* _Exercise_
Pull each line containing "lambda" out of the data and copy it.

* _Given records_

section \<open>Apery sets and the genus\<close>

lemma card_cong_less: "card {y. [y = w] (mod m) \<and> y < w} = w div m" for w m :: nat
proof (cases "m = 0")
  case False
  define r q where "r = w mod m" and "q = w div m"
  have w: "w = r + m * q" and "r < m"
    using False by (simp_all add: r_def q_def)
  have "{y. [y = w] (mod m) \<and> y < w} = (\<lambda>j. r + m * j) ` {..<q}"
  proof (intro set_eqI iffI)
    fix y assume "y \<in> {y. [y = w] (mod m) \<and> y < w}"
    then have "y mod m = r" "y < r + m * q"
      using w \<open>r < m\<close> by (auto simp: cong_def)
    moreover have y: "y = y mod m + m * (y div m)"
      by simp
    ultimately have "y div m < q"
      by (metis add_less_cancel_left mult_less_cancel1)
    then show "y \<in> (\<lambda>j. r + m * j) ` {..<q}"
      using y \<open>y mod m = r\<close> by auto
  next
    fix y assume "y \<in> (\<lambda>j. r + m * j) ` {..<q}"
    then obtain j where "j < q" "y = r + m * j"
      by blast
    then show "y \<in> {y. [y = w] (mod m) \<and> y < w}"
      using w \<open>r < m\<close> by (auto simp: cong_def)
  qed
  moreover have "inj_on (\<lambda>j. r + m * j) {..<q}"
    using False by (auto intro: inj_onI)
  ultimately show ?thesis
    by (simp add: card_image q_def)
qed (simp add: cong_def)

context
  fixes S :: "nat set" and m :: nat and I :: "'a set" and w :: "'a \<Rightarrow> nat"
  assumes m: "m > 0"
    and bij: "bij_betw (\<lambda>i. w i mod m) I {..<m}"
    and apery_in: "\<And>i. i \<in> I \<Longrightarrow> w i \<in> S"
    and apery_least: "\<And>i x. i \<in> I \<Longrightarrow> x \<in> S \<Longrightarrow> [x = w i] (mod m) \<Longrightarrow> w i \<le> x"
    and add_closed: "\<And>x. x \<in> S \<Longrightarrow> x + m \<in> S"
begin

lemma gaps_eq_UN_Apery: "UNIV - S = (\<Union>i\<in>I. {y. [y = w i] (mod m) \<and> y < w i})"
proof (intro set_eqI iffI)
  fix y assume "y \<in> UNIV - S"
  have "y mod m \<in> (\<lambda>i. w i mod m) ` I"
    using bij m by (simp add: bij_betw_def)
  then obtain i where i: "i \<in> I" "w i mod m = y mod m"
    by auto
  have "\<not> w i \<le> y"
  proof
    assume "w i \<le> y"
    then obtain j where "y = w i + m * j"
      using i(2) by (metis mod_eq_dvd_iff_nat dvdE le_add_diff_inverse)
    moreover have "w i + m * j \<in> S" for j
    proof (induction j)
      case (Suc j)
      then show ?case
        using add_closed[OF Suc] by (simp add: algebra_simps)
    qed (simp add: apery_in \<open>i \<in> I\<close>)
    ultimately show False
      using \<open>y \<in> UNIV - S\<close> by simp
  qed
  then show "y \<in> (\<Union>i\<in>I. {y. [y = w i] (mod m) \<and> y < w i})"
    using i by (auto simp: cong_def not_le intro!: bexI[of _ i])
next
  fix y assume "y \<in> (\<Union>i\<in>I. {y. [y = w i] (mod m) \<and> y < w i})"
  then show "y \<in> UNIV - S"
    using apery_least by fastforce
qed

lemma card_gaps_Apery: "m * card (UNIV - S) + (\<Sum>r<m. r) = (\<Sum>i\<in>I. w i)"
proof -
  have "finite I"
    using bij bij_betw_finite by blast
  have "card (UNIV - S) = (\<Sum>i\<in>I. card {y. [y = w i] (mod m) \<and> y < w i})"
    unfolding gaps_eq_UN_Apery using \<open>finite I\<close> bij
    by (intro card_UN_disjoint) (auto simp: cong_def bij_betw_def inj_on_def)
  then have "m * card (UNIV - S) = (\<Sum>i\<in>I. m * (w i div m))"
    by (simp add: card_cong_less sum_distrib_left)
  moreover have "(\<Sum>r<m. r) = (\<Sum>i\<in>I. w i mod m)"
    using sum.reindex_bij_betw[OF bij, of "\<lambda>r. r"] by simp
  ultimately show ?thesis
    by (simp flip: sum.distrib)
qed

end

section \<open>The Apery set of \<open>SC\<^sup>+(b,n)\<close> with respect to \<open>b ^ n + 1\<close>\<close>

text \<open>
  An element \<open>b ^ n * A + k\<close> with \<open>A - k = (b - 1) * e\<close> equals \<open>(b ^ n + 1) * A - (b - 1) * e\<close>;
  for fixed \<open>e\<close> the least one uses the least admissible \<open>A\<close>, namely \<open>apery_coeff b e\<close>.
\<close>

definition apery_coeff :: "nat \<Rightarrow> nat \<Rightarrow> nat" where
  "apery_coeff b e = (LEAST A. (b - 1) * e \<le> A - digit_sum b A)"

definition SC_apery :: "nat \<Rightarrow> nat \<Rightarrow> nat \<Rightarrow> nat" where
  "SC_apery b n e = (b ^ n + 1) * apery_coeff b e - (b - 1) * e"

lemma apery_coeff_le: "(b - 1) * e \<le> A - digit_sum b A \<Longrightarrow> apery_coeff b e \<le> A"
  unfolding apery_coeff_def by (rule Least_le)

lemma diff_digit_sum_mult_ge: "b \<ge> 2 \<Longrightarrow> (b - 1) * e \<le> b * e - digit_sum b (b * e)"
  using digit_sum_mult[of b e] digit_sum_le[of b e] by (simp add: diff_mult_distrib)

lemma apery_coeff_spec:
  "b \<ge> 2 \<Longrightarrow> (b - 1) * e \<le> apery_coeff b e - digit_sum b (apery_coeff b e)"
  unfolding apery_coeff_def by (rule LeastI) (rule diff_digit_sum_mult_ge)

lemma apery_coeff_le_mult: "b \<ge> 2 \<Longrightarrow> apery_coeff b e \<le> b * e"
  by (intro apery_coeff_le diff_digit_sum_mult_ge)

lemma apery_coeff_mono: "b \<ge> 2 \<Longrightarrow> e \<le> e' \<Longrightarrow> apery_coeff b e \<le> apery_coeff b e'"
  using apery_coeff_spec[of b e'] by (intro apery_coeff_le) (meson le_trans mult_le_mono2)

lemma less_apery_coeff_iff:
  assumes "b \<ge> 2"
  shows "A < apery_coeff b e \<longleftrightarrow> A - digit_sum b A < (b - 1) * e"
proof
  assume "A < apery_coeff b e"
  then show "A - digit_sum b A < (b - 1) * e"
    using apery_coeff_le not_le by blast
next
  assume "A - digit_sum b A < (b - 1) * e"
  moreover have "apery_coeff b e \<le> A \<Longrightarrow>
      apery_coeff b e - digit_sum b (apery_coeff b e) \<le> A - digit_sum b A"
    by (drule monoD[OF mono_diff_digit_sum[OF assms]]) simp
  ultimately show "A < apery_coeff b e"
    using apery_coeff_spec[OF assms, of e] by linarith
qed

lemma SC_apery_add:
  assumes "b \<ge> 2"
  shows "SC_apery b n e + (b - 1) * e = (b ^ n + 1) * apery_coeff b e"
proof -
  have "(b - 1) * e \<le> apery_coeff b e"
    using apery_coeff_spec[OF assms, of e] by linarith
  also have "\<dots> \<le> (b ^ n + 1) * apery_coeff b e"
    by simp
  finally show ?thesis
    unfolding SC_apery_def by simp
qed

lemma SC_apery_in_SCplus:
  assumes "b \<ge> 2"
  shows "SC_apery b n e \<in> SCplus b n"
proof -
  define A where "A = apery_coeff b e"
  have A: "(b - 1) * e + digit_sum b A \<le> A"
    using apery_coeff_spec[OF assms, of e] digit_sum_le[OF assms, of A] by (simp add: A_def)
  have "[A - (b - 1) * e = A - (b - 1) * e + (b - 1) * e] (mod (b - 1))"
    by (simp add: cong_def)
  with A have "b ^ n * A + (A - (b - 1) * e) \<in> SCplus b n"
    by (intro SCplus_of_decomp[OF assms]) auto
  moreover have "b ^ n * A + (A - (b - 1) * e) = SC_apery b n e"
    using A by (simp add: SC_apery_def A_def algebra_simps)
  ultimately show ?thesis
    by simp
qed

lemma coprime_pred_power_plus_1:
  fixes b :: nat
  assumes "even b" "b > 0"
  shows "coprime (b - 1) (b ^ n + 1)"
proof -
  have "[b ^ n + 1 = 2] (mod (b - 1))"
    using cong_add[OF cong_power_1_mod_pred[OF assms(2), of n] cong_refl[of "1::nat"]]
    by (simp add: numeral_2_eq_2)
  then have "gcd (b ^ n + 1) (b - 1) = gcd 2 (b - 1)"
    by (rule cong_gcd_eq)
  moreover have "coprime 2 (b - 1)"
    using assms by simp
  ultimately show ?thesis
    by (simp add: coprime_iff_gcd_eq_1 gcd.commute)
qed

lemma cong_shape_imp_cong:
  fixes b x y e e' A A' :: nat
  assumes "even b" "b \<ge> 2"
    and "x + (b - 1) * e = (b ^ n + 1) * A" "y + (b - 1) * e' = (b ^ n + 1) * A'"
    and "[x = y] (mod (b ^ n + 1))"
  shows "[e = e'] (mod (b ^ n + 1))"
proof -
  have "[x + (b - 1) * e = y + (b - 1) * e'] (mod (b ^ n + 1))"
    unfolding assms(3,4) cong_def by (simp only: mod_mult_self1_is_0)
  then have "[x + (b - 1) * e = x + (b - 1) * e'] (mod (b ^ n + 1))"
    using cong_add[OF cong_sym[OF assms(5)] cong_refl] cong_trans by blast
  then show ?thesis
    using coprime_pred_power_plus_1[of b n] assms(1,2)
    by (simp add: cong_add_lcancel_nat cong_mult_lcancel_nat)
qed

lemma SC_apery_cong_imp_eq:
  assumes "even b" "b \<ge> 2" "e \<le> b ^ n" "e' \<le> b ^ n"
    and "[SC_apery b n e = SC_apery b n e'] (mod (b ^ n + 1))"
  shows "e = e'"
  using cong_shape_imp_cong[OF assms(1,2) SC_apery_add SC_apery_add assms(5)] assms(2-4)
  by (simp add: cong_def le_imp_less_Suc)
lemma modinv_uminus_cong:
  assumes q: "q > 0" and x: "coprime x (int q)"
  shows "[modinv q ((- x) mod int q) = - modinv q x] (mod int q)"
proof (rule cong_inverse_unique)
  show "[(- x) mod int q * modinv q ((- x) mod int q) = 1] (mod int q)"
    using q x by (intro modinv_cong) simp_all
  have "[(- x) mod int q * - modinv q x = (- x) * - modinv q x] (mod int q)"
    by (intro cong_mult cong_refl) (simp add: cong_def)
  then show "[(- x) mod int q * - modinv q x = 1] (mod int q)"
    using modinv_cong[OF q x] by (simp add: cong_trans)
qed

lemma finite_units_mod: "finite (units_mod c)"
  by (rule finite_subset[of _ "{0..<int c}"]) (auto simp: units_mod_def)

lemma kloosterman_cong_left:
  assumes "q > 0" "[a = a'] (mod int q)"
  shows "kloosterman a b q = kloosterman a' b q"
  unfolding kloosterman_def
proof (rule sum.cong[OF refl])
  fix x
  have "[a * x + b * modinv q x = a' * x + b * modinv q x] (mod int q)"
    using assms(2) by (intro cong_add cong_mult cong_refl)
  then show "ee (real_of_int (a * x + b * modinv q x) / real q) =
             ee (real_of_int (a' * x + b * modinv q x) / real q)"
    using assms(1) by (rule ee_cong[rotated])
qed

lemma kloosterman_uminus:
  assumes q: "q > 0"
  shows "kloosterman (- a) (- b) q = kloosterman a b q"
proof -
  have units: "(- x) mod int q \<in> units_mod q" "(- ((- x) mod int q)) mod int q = x"
    if "x \<in> units_mod q" for x
    using q that by (simp_all add: units_mod_def mod_minus_eq)
  have terms: "ee (real_of_int (a * ((- x) mod int q) + b * modinv q ((- x) mod int q)) / real q) =
               ee (real_of_int (- a * x + - b * modinv q x) / real q)"
    if "x \<in> units_mod q" for x
  proof (rule ee_cong[OF q])
    have "[a * ((- x) mod int q) + b * modinv q ((- x) mod int q) = a * (- x) + b * (- modinv q x)] (mod int q)"
      using q that by (intro cong_add cong_mult cong_refl modinv_uminus_cong) (simp_all add: cong_def units_mod_def)
    then show "[a * ((- x) mod int q) + b * modinv q ((- x) mod int q) = - a * x + - b * modinv q x] (mod int q)"
      by simp
  qed
  show ?thesis
    unfolding kloosterman_def
    by (rule sum.reindex_bij_witness[where i="\<lambda>x. (- x) mod int q" and j="\<lambda>x. (- x) mod int q"])
      (auto simp del: of_int_add of_int_mult of_int_minus simp: units terms)
qed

* _Output_
  have "{y. [y = w] (mod m) \<and> y < w} = (\<lambda>j. r + m * j) ` {..<q}"
    then show "y \<in> (\<lambda>j. r + m * j) ` {..<q}"
    fix y assume "y \<in> (\<lambda>j. r + m * j) ` {..<q}"
  moreover have "inj_on (\<lambda>j. r + m * j) {..<q}"
    and bij: "bij_betw (\<lambda>i. w i mod m) I {..<m}"
  have "y mod m \<in> (\<lambda>i. w i mod m) ` I"
    using sum.reindex_bij_betw[OF bij, of "\<lambda>r. r"] by simp
    by (rule sum.reindex_bij_witness[where i="\<lambda>x. (- x) mod int q" and j="\<lambda>x. (- x) mod int q"])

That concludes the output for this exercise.